Mónica e Barbara: força e afeto entre panelas
Monica Nunes e Barbara Bicicalho formam mais de um casal na vida: eles são parceiros na cozinha. Casados por sete anos e com uma história de amor que durou 10, eles enfrentam os desafios de serem duas mulheres lésbicas, empresas e chefs em um espaço historicamente dominado por homens.
Para Monica, o primeiro obstáculo nem é sua orientação sexual: “Primeiro vem nossa existência feminina nesse espaço. Ainda precisamos demonstrar que as mulheres podem fazer carne de porco, podem fazer churrasco, podem comandar a cozinha. Isso é uma merda”.
Ela se assemelha a situações em que sua autoridade foi questionada pelos homens da equipe, ridicularizada pela religião e até pelos comentários sexuais deslocados, como se, como lésbica, tivesse o mesmo aspecto malicioso que os homens dirigidos às mulheres. “Eu também sou uma mulher. Vivemos, pagamos impostos, temos família. Não é apenas um desejo.”
Barbara se lembra do espanto do pai de um namorado por um casamento em que eles estavam trabalhando, descobrindo que eram lésbicas: “Ele perguntou por que não gostamos do homem. Como se fosse uma questão de ódio. Era muito vergonhoso”.
Mesmo com os desafios, eles criaram dois negócios juntos e ainda resistem. “Nosso espaço em gastronomia é feito de respeito, delicadeza e força”, acrescenta Monica.

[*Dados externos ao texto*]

(* Let $\sigma$ be a filling of $\mathrm{dg}(\lambda)$, and let $i,r$ be such that the cells $(i,r),(i+1,r)$ lie in $\mathrm{dg}(\lambda)$, $\sigma(i,r)\ne\sigma(i+1,r)$, and $\sigma(i,s)=\sigma(i+1,s)$ for all $1\le s\le r-1$. Let $T$ be the triple formed by the cells $(i+1,r),(i,r),(i,r-1)$ (where $(i,0)$ is the basement cell with entry $\infty$). Then \[ \mathrm{inv}(\mathcal{T}_i^{(r)}(\sigma))=\begin{cases}\mathrm{inv}(\sigma)-1,& T\text{ counterclockwise in }\sigma,\\ \mathrm{inv}(\sigma)+1,&\text{otherwise.}\end{cases} \]
   Context: Diagrams and fillings: for a partition $\lambda=(\lambda_1\ge\dots\ge\lambda_n>0)$, $\mathrm{dg}(\lambda)$ is the set of cells $(i,r)$ with $1\le i\le n$, $1\le r\le\lambda_i$ (column $i$ from the left has $\lambda_i$ cells; rows counted from the bottom). A filling is a map $\sigma:\mathrm{dg}(\lambda)\to\mathbb{Z}_{>0}$. A basement row $0$ is adjoined with $\sigma(i,0)=\infty$. For $u<v$, $r\ge1$, $(v,r),(u,r)\in\mathrm{dg}(\lambda)$, the cells $(v,r),(u,r),(u,r-1)$ form a triple; with $a=\sigma(v,r),b=\sigma(u,r),c=\sigma(u,r-1)$ it is counterclockwise (an inversion triple) if $a<b\le c$ or $c<a<b$ or $b\le c<a$, and clockwise otherwise. $\mathrm{inv}(\sigma)$ is the number of inversion triples (including those with $r=1$). Operator $\mathcal{T}_i^{(r)}$ (defined when columns $i,i+1$ agree in rows $1,\dots,r-1$ and differ in row $r$): (1) swap the entries of cells $(i,r)$ and $(i+1,r)$; (2) if the cells $(i+1,r+1),(i,r+1)$ do not both exist, stop; otherwise consider the triple $(i+1,r+1),(i,r+1),(i,r)$: if it was counterclockwise both before and after the last swap, or clockwise both before and after, stop; otherwise swap the entries of $(i,r+1)$ and $(i+1,r+1)$, replace $r$ by $r+1$ and repeat step (2). *)

theory Defs
  imports Main "HOL-Library.Extended_Nat"
begin

text \<open>A partition is a list lam = [lam_1,...,lam_n] of positive, weakly decreasing
  naturals. Column i (1-based) has lam_i cells; rows counted from 1 at the bottom.\<close>

definition is_partition :: "nat list \<Rightarrow> bool" where
  "is_partition lam \<longleftrightarrow> sorted_wrt (\<ge>) lam \<and> (\<forall>x\<in>set lam. 0 < x)"

definition dg :: "nat list \<Rightarrow> (nat \<times> nat) set" where
  "dg lam = {(i, r). 1 \<le> i \<and> i \<le> length lam \<and> 1 \<le> r \<and> r \<le> lam ! (i - 1)}"

text \<open>A filling is a map sigma from cells to positive naturals (values outside
  the diagram are irrelevant). The basement row 0 carries the value infinity.\<close>

definition is_filling :: "nat list \<Rightarrow> (nat \<times> nat \<Rightarrow> nat) \<Rightarrow> bool" where
  "is_filling lam \<sigma> \<longleftrightarrow> (\<forall>c\<in>dg lam. 0 < \<sigma> c)"

definition val :: "(nat \<times> nat \<Rightarrow> nat) \<Rightarrow> nat \<times> nat \<Rightarrow> enat" where
  "val \<sigma> c = (if snd c = 0 then \<infinity> else enat (\<sigma> c))"

text \<open>Triple with entries a = sigma(v,r), b = sigma(u,r), c = sigma(u,r-1) is
  counterclockwise (an inversion triple).\<close>

definition ccw :: "enat \<Rightarrow> enat \<Rightarrow> enat \<Rightarrow> bool" where
  "ccw a b c \<longleftrightarrow> (a < b \<and> b \<le> c) \<or> (c < a \<and> a < b) \<or> (b \<le> c \<and> c < a)"

definition inv_triples :: "nat list \<Rightarrow> (nat \<times> nat \<Rightarrow> nat) \<Rightarrow> (nat \<times> nat \<times> nat) set" where
  "inv_triples lam \<sigma> = {(u, v, r). u < v \<and> 1 \<le> r \<and> (v, r) \<in> dg lam \<and> (u, r) \<in> dg lam \<and>
       ccw (val \<sigma> (v, r)) (val \<sigma> (u, r)) (val \<sigma> (u, r - 1))}"

definition inv :: "nat list \<Rightarrow> (nat \<times> nat \<Rightarrow> nat) \<Rightarrow> nat" where
  "inv lam \<sigma> = card (inv_triples lam \<sigma>)"

definition swap_cells :: "(nat \<times> nat \<Rightarrow> nat) \<Rightarrow> nat \<Rightarrow> nat \<Rightarrow> (nat \<times> nat \<Rightarrow> nat)" where
  "swap_cells \<sigma> i r = \<sigma>((i, r) := \<sigma> (i + 1, r), (i + 1, r) := \<sigma> (i, r))"

text \<open>Step (2) of the operator: sb is the filling before the last swap (performed in
  row r), sa the filling after it.\<close>

function T_loop :: "nat list \<Rightarrow> nat \<Rightarrow> (nat \<times> nat \<Rightarrow> nat) \<Rightarrow> (nat \<times> nat \<Rightarrow> nat) \<Rightarrow> nat
                     \<Rightarrow> (nat \<times> nat \<Rightarrow> nat)" where
  "T_loop lam i sb sa r =
     (if (i + 1, r + 1) \<notin> dg lam \<or> (i, r + 1) \<notin> dg lam then sa
      else if ccw (val sb (i + 1, r + 1)) (val sb (i, r + 1)) (val sb (i, r)) =
              ccw (val sa (i + 1, r + 1)) (val sa (i, r + 1)) (val sa (i, r))
      then sa
      else T_loop lam i sa (swap_cells sa i (r + 1)) (r + 1))"
  by pat_completeness auto
termination
  by (relation "measure (\<lambda>(lam, i, sb, sa, r). lam ! (i - 1) - r)") (auto simp: dg_def)

definition T_op :: "nat list \<Rightarrow> nat \<Rightarrow> nat \<Rightarrow> (nat \<times> nat \<Rightarrow> nat) \<Rightarrow> (nat \<times> nat \<Rightarrow> nat)" where
  "T_op lam i r \<sigma> = T_loop lam i \<sigma> (swap_cells \<sigma> i r) r"

end

theory Submission
  imports Defs "HOL-Combinatorics.Transposition"
begin

text \<open>The operator exchanges the entries of columns i and i + 1 in a block of
  rows r, ..., k, where the triple above every row r, ..., k - 1 changes orientation
  when its lower cell is exchanged and the one above row k does not. Pair every
  triple position with the position obtained by exchanging the column indices
  i and i + 1. Within each pair the number of inversion triples is unchanged:
  below row r the two columns agree, in rows r + 1, ..., k the flipping of the
  triples in columns i, i + 1 compensates the exchange, and in row k + 1 the
  stopping condition says that the two possible lower entries lie on the same side
  of the interval spanned by the upper ones, which is all that matters for the
  triples with a third column to the right. The one exception is the triple in
  columns i, i + 1 of row r, whose two upper entries are exchanged over a fixed
  lower one; it changes orientation. The positivity of the entries is never used.\<close>

lemma ccw_of_less: "a < b \<Longrightarrow> ccw a b c \<longleftrightarrow> \<not> (a \<le> c \<and> c < b)"
  unfolding ccw_def by auto

lemma ccw_of_greater: "b < a \<Longrightarrow> ccw a b c \<longleftrightarrow> b \<le> c \<and> c < a"
  unfolding ccw_def by auto

lemma ccw_swap: "a \<noteq> b \<Longrightarrow> ccw b a c \<longleftrightarrow> \<not> ccw a b c"
  by (cases a b rule: linorder_cases) (simp_all add: ccw_of_less ccw_of_greater)

lemma ccw_swap_if_last_changes: "ccw a b c \<noteq> ccw a b d \<Longrightarrow> ccw b a d = ccw a b c"
  by (cases a b rule: linorder_cases) (auto simp: ccw_of_less ccw_of_greater ccw_def)

lemma ccw_difference:
  assumes "a < b"
  shows "of_bool (ccw x b y) - of_bool (ccw x a y) = (of_bool (a \<le> x \<and> x < b) - of_bool (a \<le> y \<and> y < b) :: int)"
  using assms unfolding ccw_def
  by (cases x a rule: linorder_cases; cases x b rule: linorder_cases; cases y x rule: linorder_cases) auto

lemma ccw_exchange:
  assumes "ccw a b c = ccw a b d"
  shows "of_bool (ccw x b d) + of_bool (ccw x a c) = (of_bool (ccw x b c) + of_bool (ccw x a d) :: int)"
proof (cases a b rule: linorder_cases)
  case less
  then have "of_bool (a \<le> c \<and> c < b) = (of_bool (a \<le> d \<and> d < b) :: int)"
    using assms by (auto simp: ccw_of_less)
  then show ?thesis
    using ccw_difference[OF less, of x c] ccw_difference[OF less, of x d] by linarith
next
  case greater
  then have "of_bool (b \<le> c \<and> c < a) = (of_bool (b \<le> d \<and> d < a) :: int)"
    using assms by (auto simp: ccw_of_greater)
  then show ?thesis
    using ccw_difference[OF greater, of x c] ccw_difference[OF greater, of x d] by linarith
qed simp

declare T_loop.simps [simp del]

fun swap_cols :: "nat \<Rightarrow> nat \<Rightarrow> nat \<Rightarrow> nat \<times> nat \<Rightarrow> nat \<times> nat" where
  "swap_cols i r k (a, s) = (if r \<le> s \<and> s \<le> k then transpose i (i + 1) a else a, s)"

lemma val_comp_swap_cols: "val (\<sigma> \<circ> swap_cols i r k) c = val \<sigma> (swap_cols i r k c)"
  by (cases c) (simp add: val_def)

definition triple_flips :: "(nat \<times> nat \<Rightarrow> nat) \<Rightarrow> nat \<Rightarrow> nat \<Rightarrow> bool" where
  "triple_flips \<sigma> i s \<longleftrightarrow>
     ccw (val \<sigma> (i + 1, s)) (val \<sigma> (i, s)) (val \<sigma> (i, s - 1)) \<noteq>
     ccw (val \<sigma> (i + 1, s)) (val \<sigma> (i, s)) (val \<sigma> (i + 1, s - 1))"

Raquel Amaral: da lancheira à resistência
AUTO -ADA, Raquel Amaral começou a vender almofadas e agora atua como um chef pessoal. Sua carreira é marcada por confrontos difíceis. No início de sua carreira, como subchef, ele passou por uma equipe hostil masculina que não a respeitava, escondeu informações e ignorou sua liderança. Um dos chefs até a ameaçou com uma faca.
“Ele era apenas um homem na cozinha. Um dia, um deles se recusou a seguir minhas ordens e me ameaçou com uma faca na minha mão. E, no entanto, os proprietários dos restaurantes queriam suavizar. Eu saí. Não aceitei que eles me tratassem dessa maneira”.
Para ela, o machismo permanece forte, especialmente entre os “grupos” da gastronomia brasileira: “Você sempre vê os mesmos nomes, quase todos os homens. As mulheres são poucas e lésbicas ainda menos”.

Ray Neto: entre o uniforme e o fogão
Chef e militar, Ray Neto vive uma dualidade incomum: enquanto nas forças armadas ele sente mais preconceito, no restaurante que encontra bem -vindo.
“Na cozinha, o tempero fala mais forte que os preconceitos. Acho que o público da Brasília olha para a comida, não a orientação sexual. Mas, é claro, o preconceito ainda existe. A gastronomia me fortalece”, diz ele.
Mesmo assim, Ray sabe que a aceitação total continua sendo uma utopia: “O preconceito hoje é mais velado. Mas ainda está lá, escondido nos cantos. Precisamos continuar trabalhando bem e orgulhosos de nossa identidade”.

Gilberto Masi: cozinha como um espaço político
O chef Gilberto Masi chegou de São Paulo a Brasília em 2009. Hoje, o chef do paradeiro, uma biblioteca de casos na ala norte, vê avanços na inclusão, mas sem romantizar: “Tem mais abertura, mas o machismo ainda está lá. Comentários, desconfiança …”.
Sua estratégia é a concorrência: “Eu sempre impor o trabalho. Não tento agradar quem tem preconceitos. Faço meu trabalho bem feito e pronto. E se eles gostam de paciência ou não”.
Além disso, ele usa sua posição para abrir portas: “Sempre que posso, dou uma chance de quem é o LGBT. Porque eu sei que é difícil perfurar essa bolha. Precisamos conseguir o nosso”.